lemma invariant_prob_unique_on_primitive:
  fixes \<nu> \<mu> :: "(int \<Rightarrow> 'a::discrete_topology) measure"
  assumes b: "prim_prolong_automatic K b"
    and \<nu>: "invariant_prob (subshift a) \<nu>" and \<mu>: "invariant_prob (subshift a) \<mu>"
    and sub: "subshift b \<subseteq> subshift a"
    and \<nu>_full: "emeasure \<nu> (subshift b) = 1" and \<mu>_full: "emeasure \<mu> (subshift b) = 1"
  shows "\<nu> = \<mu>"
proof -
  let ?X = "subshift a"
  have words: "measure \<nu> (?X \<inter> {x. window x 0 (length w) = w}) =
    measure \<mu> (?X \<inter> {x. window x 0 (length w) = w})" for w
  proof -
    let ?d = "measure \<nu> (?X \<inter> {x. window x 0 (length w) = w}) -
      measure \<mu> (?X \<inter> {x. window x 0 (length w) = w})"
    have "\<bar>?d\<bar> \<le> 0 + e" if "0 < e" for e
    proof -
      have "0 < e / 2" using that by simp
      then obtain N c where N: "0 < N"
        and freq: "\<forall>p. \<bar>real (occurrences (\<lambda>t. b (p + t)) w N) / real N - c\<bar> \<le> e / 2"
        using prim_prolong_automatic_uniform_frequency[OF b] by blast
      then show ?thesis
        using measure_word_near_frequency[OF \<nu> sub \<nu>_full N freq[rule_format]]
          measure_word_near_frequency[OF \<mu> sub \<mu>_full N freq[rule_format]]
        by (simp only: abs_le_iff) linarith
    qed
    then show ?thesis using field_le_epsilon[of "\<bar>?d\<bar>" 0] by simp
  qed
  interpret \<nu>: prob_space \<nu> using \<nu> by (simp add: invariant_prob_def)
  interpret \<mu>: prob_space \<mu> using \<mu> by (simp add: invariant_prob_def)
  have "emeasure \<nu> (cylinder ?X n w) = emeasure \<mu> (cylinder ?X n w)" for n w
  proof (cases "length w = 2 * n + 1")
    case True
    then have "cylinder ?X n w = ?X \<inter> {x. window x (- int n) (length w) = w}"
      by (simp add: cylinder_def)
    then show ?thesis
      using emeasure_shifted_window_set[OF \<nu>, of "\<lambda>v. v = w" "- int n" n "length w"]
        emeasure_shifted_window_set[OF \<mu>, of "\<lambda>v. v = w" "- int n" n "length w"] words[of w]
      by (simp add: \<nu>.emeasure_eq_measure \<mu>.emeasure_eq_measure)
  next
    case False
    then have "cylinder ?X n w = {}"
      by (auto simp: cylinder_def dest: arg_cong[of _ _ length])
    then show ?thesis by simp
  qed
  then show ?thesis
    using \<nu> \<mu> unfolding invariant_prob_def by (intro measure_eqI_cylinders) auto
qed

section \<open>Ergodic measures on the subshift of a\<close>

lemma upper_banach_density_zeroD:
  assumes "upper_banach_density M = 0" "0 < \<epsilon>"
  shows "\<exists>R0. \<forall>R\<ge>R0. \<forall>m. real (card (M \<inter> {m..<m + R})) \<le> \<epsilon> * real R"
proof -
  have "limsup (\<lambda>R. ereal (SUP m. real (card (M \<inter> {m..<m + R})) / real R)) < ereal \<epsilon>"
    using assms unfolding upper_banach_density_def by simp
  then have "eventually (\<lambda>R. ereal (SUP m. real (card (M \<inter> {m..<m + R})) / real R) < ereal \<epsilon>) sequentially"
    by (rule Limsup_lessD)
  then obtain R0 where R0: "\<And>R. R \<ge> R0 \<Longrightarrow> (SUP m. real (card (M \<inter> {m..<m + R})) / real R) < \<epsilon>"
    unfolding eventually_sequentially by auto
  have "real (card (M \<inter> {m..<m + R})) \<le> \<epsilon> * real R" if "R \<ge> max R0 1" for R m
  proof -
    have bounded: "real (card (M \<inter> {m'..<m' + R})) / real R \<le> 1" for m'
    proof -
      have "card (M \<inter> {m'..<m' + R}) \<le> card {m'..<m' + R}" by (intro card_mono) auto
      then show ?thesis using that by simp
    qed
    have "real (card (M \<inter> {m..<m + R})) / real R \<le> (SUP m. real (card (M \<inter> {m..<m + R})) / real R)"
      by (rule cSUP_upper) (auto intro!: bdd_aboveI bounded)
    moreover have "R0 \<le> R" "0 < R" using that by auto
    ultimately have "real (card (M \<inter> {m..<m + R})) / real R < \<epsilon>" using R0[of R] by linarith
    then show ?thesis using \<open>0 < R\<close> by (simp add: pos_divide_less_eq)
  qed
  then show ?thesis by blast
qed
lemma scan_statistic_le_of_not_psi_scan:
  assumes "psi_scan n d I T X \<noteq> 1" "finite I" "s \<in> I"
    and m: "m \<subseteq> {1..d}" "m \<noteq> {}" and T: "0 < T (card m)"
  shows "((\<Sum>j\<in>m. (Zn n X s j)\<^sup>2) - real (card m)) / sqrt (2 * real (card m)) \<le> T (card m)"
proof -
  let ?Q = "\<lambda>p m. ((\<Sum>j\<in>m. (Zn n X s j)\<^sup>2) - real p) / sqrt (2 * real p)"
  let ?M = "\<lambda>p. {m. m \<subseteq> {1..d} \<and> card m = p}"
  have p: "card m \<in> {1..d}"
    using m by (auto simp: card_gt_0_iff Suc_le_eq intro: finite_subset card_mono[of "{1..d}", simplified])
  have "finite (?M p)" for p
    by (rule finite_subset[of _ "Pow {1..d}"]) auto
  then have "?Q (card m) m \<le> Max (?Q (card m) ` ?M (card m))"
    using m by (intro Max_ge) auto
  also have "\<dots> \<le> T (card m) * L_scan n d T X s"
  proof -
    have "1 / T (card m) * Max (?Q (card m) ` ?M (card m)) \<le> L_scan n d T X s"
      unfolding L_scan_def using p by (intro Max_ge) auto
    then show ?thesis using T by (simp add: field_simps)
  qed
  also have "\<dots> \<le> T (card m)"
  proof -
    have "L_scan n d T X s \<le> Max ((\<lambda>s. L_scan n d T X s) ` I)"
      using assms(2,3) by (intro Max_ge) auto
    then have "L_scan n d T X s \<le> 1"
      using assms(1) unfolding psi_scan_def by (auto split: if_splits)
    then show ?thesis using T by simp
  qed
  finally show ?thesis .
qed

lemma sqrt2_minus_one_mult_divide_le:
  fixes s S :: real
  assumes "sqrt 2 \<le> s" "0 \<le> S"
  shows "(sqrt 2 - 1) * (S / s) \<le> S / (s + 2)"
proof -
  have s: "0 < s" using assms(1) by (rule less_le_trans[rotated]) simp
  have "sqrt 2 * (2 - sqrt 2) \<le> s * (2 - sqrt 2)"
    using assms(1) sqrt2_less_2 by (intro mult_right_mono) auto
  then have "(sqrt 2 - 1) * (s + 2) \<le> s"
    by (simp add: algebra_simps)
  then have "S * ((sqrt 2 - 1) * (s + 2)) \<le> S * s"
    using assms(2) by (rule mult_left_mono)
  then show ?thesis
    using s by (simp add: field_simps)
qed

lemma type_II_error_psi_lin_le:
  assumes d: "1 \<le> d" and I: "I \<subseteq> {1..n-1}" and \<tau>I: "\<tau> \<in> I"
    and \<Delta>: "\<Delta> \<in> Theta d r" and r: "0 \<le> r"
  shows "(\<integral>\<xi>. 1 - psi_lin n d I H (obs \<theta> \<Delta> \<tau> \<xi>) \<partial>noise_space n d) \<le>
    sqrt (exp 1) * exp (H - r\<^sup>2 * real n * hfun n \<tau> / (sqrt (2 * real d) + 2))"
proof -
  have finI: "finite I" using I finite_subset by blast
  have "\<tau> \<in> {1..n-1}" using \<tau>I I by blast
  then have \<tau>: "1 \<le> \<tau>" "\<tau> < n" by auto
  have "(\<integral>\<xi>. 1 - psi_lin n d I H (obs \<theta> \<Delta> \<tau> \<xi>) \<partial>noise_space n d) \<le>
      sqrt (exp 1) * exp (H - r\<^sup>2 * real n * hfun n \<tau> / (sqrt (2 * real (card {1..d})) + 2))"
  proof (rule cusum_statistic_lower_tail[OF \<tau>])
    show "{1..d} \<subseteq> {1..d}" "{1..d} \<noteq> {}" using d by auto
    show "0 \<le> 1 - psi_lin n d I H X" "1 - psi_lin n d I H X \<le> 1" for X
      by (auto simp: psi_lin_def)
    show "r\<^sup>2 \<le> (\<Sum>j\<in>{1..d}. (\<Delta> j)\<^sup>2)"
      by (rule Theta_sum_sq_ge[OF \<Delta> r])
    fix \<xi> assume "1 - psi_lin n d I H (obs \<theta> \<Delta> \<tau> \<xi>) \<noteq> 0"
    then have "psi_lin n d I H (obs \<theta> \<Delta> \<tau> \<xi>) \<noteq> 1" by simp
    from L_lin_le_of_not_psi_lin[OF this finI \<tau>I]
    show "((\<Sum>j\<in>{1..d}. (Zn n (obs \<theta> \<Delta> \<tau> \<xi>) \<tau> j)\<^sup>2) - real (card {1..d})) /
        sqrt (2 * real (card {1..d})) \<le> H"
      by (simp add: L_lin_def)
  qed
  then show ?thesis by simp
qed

.....

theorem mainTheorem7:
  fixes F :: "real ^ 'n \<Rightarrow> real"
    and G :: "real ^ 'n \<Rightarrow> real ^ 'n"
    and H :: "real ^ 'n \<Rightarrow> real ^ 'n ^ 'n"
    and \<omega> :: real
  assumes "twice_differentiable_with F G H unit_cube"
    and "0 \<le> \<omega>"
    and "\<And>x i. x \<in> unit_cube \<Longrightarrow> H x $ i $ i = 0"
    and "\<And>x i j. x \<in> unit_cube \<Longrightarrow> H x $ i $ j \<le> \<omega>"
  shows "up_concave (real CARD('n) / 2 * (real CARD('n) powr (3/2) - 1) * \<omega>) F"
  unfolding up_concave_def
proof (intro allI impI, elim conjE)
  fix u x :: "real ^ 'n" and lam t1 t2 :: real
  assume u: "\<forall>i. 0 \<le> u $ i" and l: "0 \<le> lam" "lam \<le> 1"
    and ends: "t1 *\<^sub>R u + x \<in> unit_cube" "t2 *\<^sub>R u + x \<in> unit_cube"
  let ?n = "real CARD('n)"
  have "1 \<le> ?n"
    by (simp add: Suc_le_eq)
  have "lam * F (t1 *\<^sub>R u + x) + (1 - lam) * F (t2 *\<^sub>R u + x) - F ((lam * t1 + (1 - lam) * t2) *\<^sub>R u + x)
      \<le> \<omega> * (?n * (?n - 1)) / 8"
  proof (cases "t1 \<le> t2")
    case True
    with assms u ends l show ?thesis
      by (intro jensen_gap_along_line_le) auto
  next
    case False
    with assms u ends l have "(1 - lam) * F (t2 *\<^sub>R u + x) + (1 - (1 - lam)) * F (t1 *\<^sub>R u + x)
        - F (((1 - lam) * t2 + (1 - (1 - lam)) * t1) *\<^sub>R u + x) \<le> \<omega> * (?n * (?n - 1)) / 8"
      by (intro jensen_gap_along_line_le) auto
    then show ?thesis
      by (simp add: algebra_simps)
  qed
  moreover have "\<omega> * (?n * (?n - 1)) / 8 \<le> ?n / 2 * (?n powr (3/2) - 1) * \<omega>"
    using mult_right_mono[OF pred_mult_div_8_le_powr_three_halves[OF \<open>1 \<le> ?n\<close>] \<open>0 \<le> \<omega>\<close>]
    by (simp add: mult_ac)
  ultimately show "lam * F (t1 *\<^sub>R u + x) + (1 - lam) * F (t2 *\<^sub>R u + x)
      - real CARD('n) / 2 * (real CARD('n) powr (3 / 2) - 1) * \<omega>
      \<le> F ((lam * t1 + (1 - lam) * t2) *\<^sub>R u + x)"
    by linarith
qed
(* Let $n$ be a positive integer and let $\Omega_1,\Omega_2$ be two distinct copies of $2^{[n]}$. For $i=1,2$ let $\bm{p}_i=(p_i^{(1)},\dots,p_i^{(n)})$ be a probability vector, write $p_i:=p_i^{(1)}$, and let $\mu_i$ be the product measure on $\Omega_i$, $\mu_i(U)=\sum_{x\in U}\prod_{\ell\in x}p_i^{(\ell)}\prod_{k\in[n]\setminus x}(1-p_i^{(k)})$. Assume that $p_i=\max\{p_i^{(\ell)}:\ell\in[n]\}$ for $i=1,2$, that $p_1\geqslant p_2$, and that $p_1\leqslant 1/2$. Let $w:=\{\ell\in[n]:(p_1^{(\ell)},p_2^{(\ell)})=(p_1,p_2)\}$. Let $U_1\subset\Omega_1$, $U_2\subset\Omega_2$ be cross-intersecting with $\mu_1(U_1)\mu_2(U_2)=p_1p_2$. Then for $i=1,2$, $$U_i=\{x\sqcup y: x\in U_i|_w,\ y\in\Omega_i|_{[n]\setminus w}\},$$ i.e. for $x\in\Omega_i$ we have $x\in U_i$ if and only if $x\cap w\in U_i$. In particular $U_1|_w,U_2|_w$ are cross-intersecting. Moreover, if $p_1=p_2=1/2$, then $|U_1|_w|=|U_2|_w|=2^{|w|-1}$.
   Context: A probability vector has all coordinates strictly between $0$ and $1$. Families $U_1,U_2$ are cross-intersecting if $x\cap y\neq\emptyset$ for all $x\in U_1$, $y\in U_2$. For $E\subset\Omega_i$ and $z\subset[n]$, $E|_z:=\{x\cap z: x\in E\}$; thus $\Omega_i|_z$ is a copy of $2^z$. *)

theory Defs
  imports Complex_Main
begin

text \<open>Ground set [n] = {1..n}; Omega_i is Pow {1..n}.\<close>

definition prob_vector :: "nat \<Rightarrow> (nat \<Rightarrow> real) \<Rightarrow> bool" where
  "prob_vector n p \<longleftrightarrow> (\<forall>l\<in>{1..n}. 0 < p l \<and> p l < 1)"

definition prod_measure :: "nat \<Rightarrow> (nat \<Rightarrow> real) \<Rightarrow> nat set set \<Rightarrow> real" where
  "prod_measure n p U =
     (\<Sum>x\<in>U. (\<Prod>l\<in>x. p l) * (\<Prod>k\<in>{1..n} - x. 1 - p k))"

.....

TASK: Give again exactly, and only, the lines above starting at the one with "m. ((\<Sum>j\<in>m. (Zn" and ending at the one with "m)) \<le> L_scan".

RESPONSE BOX:
  let ?Q = "\<lambda>p m. ((\<Sum>j\<in>m. (Zn n X s j)\<^sup>2) - real p) / sqrt (2 * real p)"
  let ?M = "\<lambda>p. {m. m \<subseteq> {1..d} \<and> card m = p}"
  have p: "card m \<in> {1..d}"
    using m by (auto simp: card_gt_0_iff Suc_le_eq intro: finite_subset card_mono[of "{1..d}", simplified])
  have "finite (?M p)" for p
    by (rule finite_subset[of _ "Pow {1..d}"]) auto
  then have "?Q (card m) m \<le> Max (?Q (card m) ` ?M (card m))"
    using m by (intro Max_ge) auto
  also have "\<dots> \<le> T (card m) * L_scan n d T X s"
  proof -
    have "1 / T (card m) * Max (?Q (card m) ` ?M (card m)) \<le> L_scan n d T X s"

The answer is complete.